Russian gross domestic product increased by 2 percent year-on-year in January, up from 1.4 percent growth in December, the Russian Ministry of Economic Development said on Wednesday.
Inflation is seen staying below a central bank target of 4 percent throughout 2018 in absence of significant bad weather, the ministry said, and could fall below 2 percent in June.
Russia’s has been slowly edging up as it comes out of a near three-year recession. This month, President Vladimir Putin said the country needs an economy with growth rates exceeding global figures as a “basic condition for a breakthrough”.
“Increasing the country’s economic potential is the main source of additional resources. For this we need an economy with growth rates exceeding the global level,” Putin said. “This isn’t just a wish, but a basic condition for a breakthrough in resolving social, infrastructure, defense and other tasks,” Putin said in his annual State of the Nation Address to the Federal Assembly.

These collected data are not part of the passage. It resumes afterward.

(* Let $G$ be a connected graph with vertex set $\{u_1,\dots,u_n\}$, $n\ge2$, and let $\mathcal{H}=\{H_1,\dots,H_n\}$ be a family of non-empty graphs. Then $\dim_l(G\circ\mathcal{H})=n$ if and only if each true twin equivalence class of $G$ contains at most one vertex $u_i$ with $H_i\in\mathcal{G}$, and each $H_i$ is a bipartite graph having exactly one non-trivial connected component $H_i^*$, and this component has radius $r(H_i^* )\le2$.
   Context: All graphs are finite and simple with at least one vertex; non-empty means having at least one edge; a non-trivial connected component is one with at least two vertices. $d_G$ is shortest-path distance ($+\infty$ between components), $d_{G,2}=\min\{d_G,2\}$; $s$ distinguishes $x,y$ w.r.t. $d$ if $d(s,x)\ne d(s,y)$. $\dim_l(G)$: minimum size of $S\subseteq V(G)$ such that any two adjacent vertices are distinguished w.r.t. $d_G$ by some vertex of $S$. Local adjacency bases of $H$: minimum-size sets $S\subseteq V(H)$ such that any two adjacent vertices are distinguished w.r.t. $d_{H,2}$ by some vertex of $S$. $\mathcal{G}$: class of graphs $H$ such that every local adjacency basis $B$ of $H$ satisfies $B\subseteq N_H(v)$ for some $v\in V(H)$. True twins: $N[x]=N[y]$. Lexicographic product $G\circ\mathcal{H}$: vertex set $\bigcup_i\{u_i\}\times V(H_i)$, $(u_i,v)\sim(u_j,w)$ iff $u_iu_j\in E(G)$, or $i=j$ and $vw\in E(H_i)$. *)

theory Defs
  imports Main "HOL-Library.Extended_Nat"
begin

definition graph :: "'a set \<Rightarrow> ('a \<Rightarrow> 'a \<Rightarrow> bool) \<Rightarrow> bool" where
  "graph V E \<longleftrightarrow> finite V \<and> V \<noteq> {} \<and>
     (\<forall>x y. E x y \<longrightarrow> x \<in> V \<and> y \<in> V) \<and>
     (\<forall>x y. E x y \<longrightarrow> E y x) \<and> (\<forall>x. \<not> E x x)"

definition nonempty_graph :: "'a set \<Rightarrow> ('a \<Rightarrow> 'a \<Rightarrow> bool) \<Rightarrow> bool" where
  "nonempty_graph V E \<longleftrightarrow> (\<exists>x y. E x y)"

definition walk_len :: "'a set \<Rightarrow> ('a \<Rightarrow> 'a \<Rightarrow> bool) \<Rightarrow> 'a \<Rightarrow> 'a \<Rightarrow> nat \<Rightarrow> bool" where
  "walk_len V E x y n \<longleftrightarrow> (\<exists>xs. length xs = Suc n \<and> xs ! 0 = x \<and> xs ! n = y \<and>
      set xs \<subseteq> V \<and> (\<forall>i<n. E (xs ! i) (xs ! Suc i)))"

definition gdist :: "'a set \<Rightarrow> ('a \<Rightarrow> 'a \<Rightarrow> bool) \<Rightarrow> 'a \<Rightarrow> 'a \<Rightarrow> enat" where
  "gdist V E x y = Inf (enat ` {n. walk_len V E x y n})"

definition gdist2 :: "'a set \<Rightarrow> ('a \<Rightarrow> 'a \<Rightarrow> bool) \<Rightarrow> 'a \<Rightarrow> 'a \<Rightarrow> enat" where
  "gdist2 V E x y = min (gdist V E x y) 2"

definition connected_graph :: "'a set \<Rightarrow> ('a \<Rightarrow> 'a \<Rightarrow> bool) \<Rightarrow> bool" where
  "connected_graph V E \<longleftrightarrow> (\<forall>x\<in>V. \<forall>y\<in>V. gdist V E x y \<noteq> \<infinity>)"

definition local_resolving :: "'a set \<Rightarrow> ('a \<Rightarrow> 'a \<Rightarrow> bool) \<Rightarrow> 'a set \<Rightarrow> bool" where
  "local_resolving V E S \<longleftrightarrow> S \<subseteq> V \<and>
     (\<forall>x y. E x y \<longrightarrow> (\<exists>s\<in>S. gdist V E s x \<noteq> gdist V E s y))"

definition local_metric_dim :: "'a set \<Rightarrow> ('a \<Rightarrow> 'a \<Rightarrow> bool) \<Rightarrow> nat" where
  "local_metric_dim V E = (LEAST k. \<exists>S. local_resolving V E S \<and> card S = k)"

The Russian economy is still stagnating across almost all sectors, meaning that boosting growth will be impossible without deep structural reforms, analysts say.
“With Putin approaching a fourth term after having shown little appetite for such reform, there is no reason to expect much to change in the foreseeable future,” Chicago University professor Konstantin Sonin says.
Last year, Russia’s GDP-growth rate was 1.5%, compared to 2.5% in the eurozone and 2.3% in the United States – both developed economies that should be growing 2-3 percentage points slower than a developing economy like Russia. “And, as the Russian economic ministry, the World Bank, and the International Monetary Fund all recognize, this poor performance seems likely to continue, Sonin added.
Putin noted that “achieving such growth rates should be a key waymark for the new government.”